[Records for processing]
**********
(* Write t = y_n and a_r = lam_r - r.  Removing the variable t from the
   supersymmetric h's gives h_c(x,y_1..y_{n-1}) = sum_{i>=0} t^i h_{c-i}(x,y_1..y_n).
   Column operations with a unitriangular matrix turn the Jacobi-Trudi matrix of
   SP_lam(x,y_1..y_{n-1}) into one whose only column in the old variables is the first;
   expanding along that column yields
      SP_lam(x,y_1..y_{n-1}) = SP_lam(x,y_1..y_n) + sum_{1<=i<n} t^i E_i(x,y_1..y_n),
   where E_i is the Laplace expansion with the first column shifted by i (the bound
   lam_1 < n kills the terms with i >= n).  Each E_i is symmetric in y, and
   t^i y^{rho_n} is invariant under swapping y_{n-i} and y_n, so the alternation of
   every extra term vanishes. *)

text \<open>A signed sum over permutations of a function invariant under a transposition vanishes.
  The pairing q with q composed with the transposition works in every characteristic.\<close>
lemma signed_permutation_sum_eq_0:
  fixes G :: "(nat \<Rightarrow> 'a) \<Rightarrow> 'b::comm_ring_1"
  assumes S: "finite S" "a \<in> S" "b \<in> S" "a \<noteq> b"
    and inv: "\<And>z. G (z \<circ> transpose a b) = G z"
  shows "(\<Sum>q\<in>{q. q permutes S}. of_int (sign q) * G (y \<circ> q)) = 0"
proof (rule sum_involution_eq_0[where h = "\<lambda>q. q \<circ> transpose a b"])
  have t: "transpose a b permutes S"
    using S by (simp add: permutes_swap_id)
  fix q assume "q \<in> {q. q permutes S}"
  then have q: "q permutes S" by simp
  have "permutation q" "permutation (transpose a b)"
    using q t S(1) by (auto simp: permutation_permutes)
  then have "sign (q \<circ> transpose a b) = - sign q"
    using S(4) by (simp add: sign_compose sign_swap_id)
  moreover have "G (y \<circ> (q \<circ> transpose a b)) = G (y \<circ> q)"
    using inv[of "y \<circ> q"] by (simp add: comp_assoc)
  ultimately show "of_int (sign (q \<circ> transpose a b)) * G (y \<circ> (q \<circ> transpose a b))
                   + of_int (sign q) * G (y \<circ> q) = 0"
    by simp
  show "q \<circ> transpose a b \<in> {q. q permutes S}"
    using permutes_compose[OF t q] by simp
  show "q \<circ> transpose a b \<circ> transpose a b = q"
    by (simp add: fun_eq_iff)
  have "q b \<noteq> q a"
    using S permutes_inj[OF q] by (auto dest: injD)
  then show "q \<circ> transpose a b \<noteq> q"
    by (metis comp_apply transpose_apply_first)
qed

lemma alt_eq_0_if_transposition_invariant:
  assumes ab: "a < n" "b < n" "a \<noteq> b"
    and inv: "\<And>x' z. f x' (z \<circ> transpose a b) = f x' z"
  shows "alt m n f x y = 0"
proof -
  have "(\<Sum>q\<in>{q. q permutes {..<n}}. of_int (sign q) * f x' (y \<circ> q)) = 0" for x'
    using ab inv by (intro signed_permutation_sum_eq_0[where G = "f x'"]) auto
  then show ?thesis
    unfolding alt_def by (simp add: mult.assoc flip: sum_distrib_left)
qed

lemma alt_add_sum:
  "alt m n (\<lambda>x y. f x y + (\<Sum>i\<in>I. g i x y)) x y = alt m n f x y + (\<Sum>i\<in>I. alt m n (g i) x y)"
  unfolding alt_def
  by (simp add: distrib_left sum.distrib sum_distrib_left sum.swap[of _ I])

text \<open>h vanishes in negative degree; this truncates the t-expansions below.\<close>
lemma h_xy_neg: "a < 0 \<Longrightarrow> h_xy m x n y a = 0"
  by (simp add: h_xy_def)

text \<open>Adjoining the variable y_k multiplies the generating series by 1 - y_k t.\<close>
lemma h_xy_add_var: "h_xy m x (Suc k) y b = h_xy m x k y b - y k * h_xy m x k y (b - 1)"
proof (cases "b < 0")
  case True then show ?thesis by (simp add: h_xy_def)
next
  case False
  define F where "F = (\<Prod>i<m. geom_fps (x i)) * (\<Prod>j<k. 1 - fps_const (y j) * fps_X)"
  have "(\<Prod>i<m. geom_fps (x i)) * (\<Prod>j<Suc k. 1 - fps_const (y j) * fps_X)
        = F - fps_const (y k) * (F * fps_X)"
    by (simp add: F_def algebra_simps)
  then have "h_xy m x (Suc k) y b = fps_nth (F - fps_const (y k) * (F * fps_X)) (nat b)"
    using False by (simp add: h_xy_def)
  also have "\<dots> = fps_nth F (nat b) - y k * (if nat b = 0 then 0 else fps_nth F (nat b - 1))"
    by simp
  also have "\<dots> = h_xy m x k y b - y k * h_xy m x k y (b - 1)"
    using False by (auto simp: h_xy_def F_def nat_diff_distrib')
  finally show ?thesis .
qed

text \<open>Iterating the recurrence upwards: the entry of the column operations below.\<close>
lemma h_xy_expand_up:
  "h_xy m x k y (a + int s) = y k ^ s * h_xy m x k y a
     + (\<Sum>j\<in>{1..s}. y k ^ (s - j) * h_xy m x (Suc k) y (a + int j))"
proof (induction s)
  case 0 then show ?case by simp
next
  case (Suc s)
  have step: "h_xy m x k y (a + int (Suc s))
      = h_xy m x (Suc k) y (a + int (Suc s)) + y k * h_xy m x k y (a + int s)"
    using h_xy_add_var[of m x k y "a + int (Suc s)"] by simp
  have "(\<Sum>j\<in>{1..Suc s}. y k ^ (Suc s - j) * h_xy m x (Suc k) y (a + int j))
     = h_xy m x (Suc k) y (a + int (Suc s))
       + y k * (\<Sum>j\<in>{1..s}. y k ^ (s - j) * h_xy m x (Suc k) y (a + int j))"
    by (simp add: sum_distrib_left Suc_diff_le mult.assoc)
  then show ?case
    unfolding step Suc by (simp add: algebra_simps)
qed

text \<open>Iterating the recurrence downwards: h_c in k variables as a t-expansion in k+1.\<close>
lemma h_xy_expand_down:
  "h_xy m x k y c = (\<Sum>i<s. y k ^ i * h_xy m x (Suc k) y (c - int i))
     + y k ^ s * h_xy m x k y (c - int s)"
proof (induction s)
  case 0 then show ?case by simp
next
  case (Suc s)
  have "h_xy m x k y (c - int s)
      = h_xy m x (Suc k) y (c - int s) + y k * h_xy m x k y (c - int (Suc s))"
    using h_xy_add_var[of m x k y "c - int s"] by (simp add: algebra_simps)
  then show ?case
    using Suc by (simp add: algebra_simps)
qed

lemma h_xy_permute: "q permutes {..<n} \<Longrightarrow> h_xy m x n (y \<circ> q) a = h_xy m x n y a"
  unfolding h_xy_def
  using prod.permute[of q "{..<n}" "\<lambda>j. 1 - fps_const (y j) * fps_X"]
  by (simp add: comp_def)

definition SP_mat :: "nat list \<Rightarrow> nat \<Rightarrow> (nat \<Rightarrow> 'a::comm_ring_1) \<Rightarrow> nat \<Rightarrow> (nat \<Rightarrow> 'a) \<Rightarrow> 'a mat" where
  "SP_mat lam m x n y = mat (length lam) (length lam)
       (\<lambda>(r, s). h_xy m x n y (int (lam ! r) - int r + int s))"

text \<open>The Jacobi-Trudi matrix in k y-variables after column operations: only the first
  column still uses k variables, the others use k+1.\<close>
definition mixed_mat :: "nat list \<Rightarrow> nat \<Rightarrow> (nat \<Rightarrow> 'a::comm_ring_1) \<Rightarrow> nat \<Rightarrow> (nat \<Rightarrow> 'a) \<Rightarrow> 'a mat" where
  "mixed_mat lam m x k y = mat (length lam) (length lam)
       (\<lambda>(r, s). if s = 0 then h_xy m x k y (int (lam ! r) - int r)
                 else h_xy m x (Suc k) y (int (lam ! r) - int r + int s))"

text \<open>The unitriangular matrix realising the column operations.\<close>
definition unitri_mat :: "nat \<Rightarrow> 'a::comm_ring_1 \<Rightarrow> 'a mat" where
  "unitri_mat l t = mat l l (\<lambda>(j, s). if j \<le> s then t ^ (s - j) else 0)"

text \<open>Laplace expansion along the first column of SP_mat with that column shifted by i;
  for i = 0 it is SP itself.\<close>
definition SP_shift :: "nat list \<Rightarrow> nat \<Rightarrow> (nat \<Rightarrow> 'a::comm_ring_1) \<Rightarrow> nat \<Rightarrow> (nat \<Rightarrow> 'a) \<Rightarrow> nat \<Rightarrow> 'a" where
  "SP_shift lam m x n y i = (\<Sum>r<length lam. h_xy m x n y (int (lam ! r) - int r - int i)
        * cofactor (SP_mat lam m x n y) r 0)"

lemma SP_SP_mat: "SP lam m x n y = det (SP_mat lam m x n y)"
  by (simp add: SP_def SP_mat_def)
**********
[What you need to do] Beginning with the line that contains "det (SP_mat lam", retype every remaining line of the listing exactly, ending with the last one.

[Solution for this problem]
lemma SP_SP_mat: "SP lam m x n y = det (SP_mat lam m x n y)"
  by (simp add: SP_def SP_mat_def)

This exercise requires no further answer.